# overestimating and underestimating quotes



## rtztgue (Jul 9, 2010)

Getting quotes exactly right is difficult, but we are usually close. Every once in a while we will get one wrong by quite a bit. Low and high. I am curious to know how some of you handle this. The last two that fell into this category was with one quote low, and the other high. We ate the low one and kept the high one. We figure that business tends to balance out this way. 

On the topic of bidding low I have asked other contractors what they do with respect to unforseen circumstances. The general feel I get is that it is an art form and varies from contractor to contractor. This last bid where we were high was a similar situation. We expected X amount of problems (unusual job nobody wanted) and it turned out to be easy once we got into it.... so we left the bid as is and finished the job.

Call is bidding Karma. Sometimes low, sometimes high but it balances out.

Other opinions and strategies?


----------



## PCI (Jun 8, 2012)

I am very rarely low. I try to imagine every problem that I have run into in the past and add it to my proposal. I hardly ever run into every problem I have budgeted for and therefore I am better off for it. I do have a line for hidden items, but it had better be something unusual and not something that I have missed. I eat the cost of missed items. If it is project that has a lot of customer choices ie kitchens, then I try to do a cost plus proposal to cover myself.


----------



## thom (Nov 3, 2006)

Part of the job of a GC bidding fixed price jobs is providing insurance, insurance that the work described will be provided for the price quoted. Oftentimes people would ask "what if the job turns out cheaper than you figured?". My answer: "You will never know, nor will you know if the job turns out to be more expensive." 

My quote was to provide specific work for a specific price. After that, my cost is not relevent to my customer.


----------



## r4r&r (Feb 22, 2012)

thom said:


> oftentimes people would ask "what if the job turns out cheaper than you figured?". My answer: "you will never know, nor will you know if the job turns out to be more expensive."
> 
> my quote was to provide specific work for a specific price.

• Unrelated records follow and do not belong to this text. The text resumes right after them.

lemma increment_by_partial_derivatives:
  fixes F Ft Fy Fz :: "real \<Rightarrow> real \<Rightarrow> real \<Rightarrow> real"
  assumes "s \<le> t"
    and Ft: "\<And>\<tau>. \<tau> \<in> {s..t} \<Longrightarrow> ((\<lambda>\<tau>. F \<tau> y' z') has_real_derivative Ft \<tau> y' z') (at \<tau> within {s..t})"
    and Fy: "\<And>\<eta>. ((\<lambda>\<eta>. F s \<eta> z') has_real_derivative Fy s \<eta> z') (at \<eta>)"
    and Fz: "\<And>\<zeta>. ((\<lambda>\<zeta>. F s y \<zeta>) has_real_derivative Fz s y \<zeta>) (at \<zeta>)"
  obtains \<tau> \<eta> \<zeta> where "\<tau> \<in> {s..t}" "\<eta> \<in> closed_segment y y'" "\<zeta> \<in> closed_segment z z'"
    "F t y' z' - F s y z = Ft \<tau> y' z' * (t - s) + Fy s \<eta> z' * (y' - y) + Fz s y \<zeta> * (z' - z)"
proof -
  obtain \<tau> where \<tau>: "\<tau> \<in> {s..t}" "F t y' z' - F s y' z' = Ft \<tau> y' z' * (t - s)"
    using mvt_very_simple[OF \<open>s \<le> t\<close>, of "\<lambda>\<tau>. F \<tau> y' z'" "\<lambda>\<tau> h. Ft \<tau> y' z' * h"] Ft
    by (auto simp: has_field_derivative_def)
  obtain \<eta> where \<eta>: "\<eta> \<in> closed_segment y y'" "F s y' z' - F s y z' = Fy s \<eta> z' * (y' - y)"
    using real_mvt_closed_segment[OF Fy] .
  obtain \<zeta> where \<zeta>: "\<zeta> \<in> closed_segment z z'" "F s y z' - F s y z = Fz s y \<zeta> * (z' - z)"
    using real_mvt_closed_segment[OF Fz] .
  show ?thesis using that[OF \<tau>(1) \<eta>(1) \<zeta>(1)] \<tau>(2) \<eta>(2) \<zeta>(2) by argo
qed

lemma eq_if_increments_dominated:
  fixes E \<mu> :: "real \<Rightarrow> real"
  assumes dom: "\<And>e. e > 0 \<Longrightarrow> \<exists>\<delta>>0. \<forall>s t. 0 \<le> s \<longrightarrow> s \<le> t \<longrightarrow> t \<le> T \<longrightarrow> t - s < \<delta>
        \<longrightarrow> \<bar>E t - E s\<bar> \<le> e * (\<mu> t - \<mu> s)"
    and mono: "mono_on {0..T} \<mu>" and t: "t \<in> {0..T}"
  shows "E t = E 0"
proof -
  have bound: "\<bar>E t - E 0\<bar> \<le> e * (\<mu> t - \<mu> 0)" if e: "e > 0" for e
  proof -
    obtain \<delta> where "\<delta> > 0" and \<delta>: "\<forall>s t. 0 \<le> s \<longrightarrow> s \<le> t \<longrightarrow> t \<le> T \<longrightarrow> t - s < \<delta>
        \<longrightarrow> \<bar>E t - E s\<bar> \<le> e * (\<mu> t - \<mu> s)"
      using dom[OF e] by blast
    have "\<bar>E r - E 0\<bar> \<le> e * (\<mu> r - \<mu> 0)" if "r \<in> {0..T}" "r \<le> real k * (\<delta> / 2)" for k r
      using that
    proof (induction k arbitrary: r)
      case 0
      then show ?case by auto
    next
      case (Suc k)
      define s where "s = max 0 (r - \<delta> / 2)"
      have "s \<in> {0..T}" "s \<le> real k * (\<delta> / 2)" "s \<le> r" "r - s < \<delta>"
        using Suc.prems \<open>\<delta> > 0\<close> by (auto simp: s_def algebra_simps max_def)
      then have "\<bar>E s - E 0\<bar> \<le> e * (\<mu> s - \<mu> 0)" "\<bar>E r - E s\<bar> \<le> e * (\<mu> r - \<mu> s)"
        using Suc \<delta> by auto
      then show ?case by (simp add: right_diff_distrib)
    qed
    moreover obtain k where "t / (\<delta> / 2) \<le> real k" using real_arch_simple by blast
    ultimately show ?thesis using t \<open>\<delta> > 0\<close> by (simp add: field_simps)
  qed
  have "\<bar>E t - E 0\<bar> \<le> 0 + \<epsilon>" if "\<epsilon> > 0" for \<epsilon>
  proof -
    have "\<mu> 0 \<le> \<mu> t" using mono t by (auto intro: mono_onD)
    then have "\<epsilon> / (\<mu> t - \<mu> 0 + 1) * (\<mu> t - \<mu> 0) \<le> \<epsilon>"
      using that by (simp add: field_simps)
    moreover have "\<epsilon> / (\<mu> t - \<mu> 0 + 1) > 0" using that \<open>\<mu> 0 \<le> \<mu> t\<close> by simp
    ultimately show ?thesis using bound by force
  qed
  then show ?thesis using field_le_epsilon[of "\<bar>E t - E 0\<bar>" 0] by simp
qed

After that, my cost is not relevent to my customer.


amen!!!


----------



## RhodesHardwood (Jun 28, 2010)

If you are in a line of work that is nearly impossible to give an accurate quote, I feel that the most important thing for you to do is to make sure the client is very informed of this. Taking that few minutes to make this very clear can and will save a lot of problems.


----------



## allcityexterior (Jan 20, 2012)

When I bid low I honor it. I've run into this with doing a quote and then finding out the homeowner has a coupon from Angies List that I forgot was available. But do the work and make the customer happy. 

__________________________________
Madison Roofing Siding Contractor Madison


----------



## Tscarborough (Feb 25, 2006)

2-10% used to be the normal spread for competent contractors for bid work, for the last 5 years it has been 10-40%. Someone can't bid for ****.


----------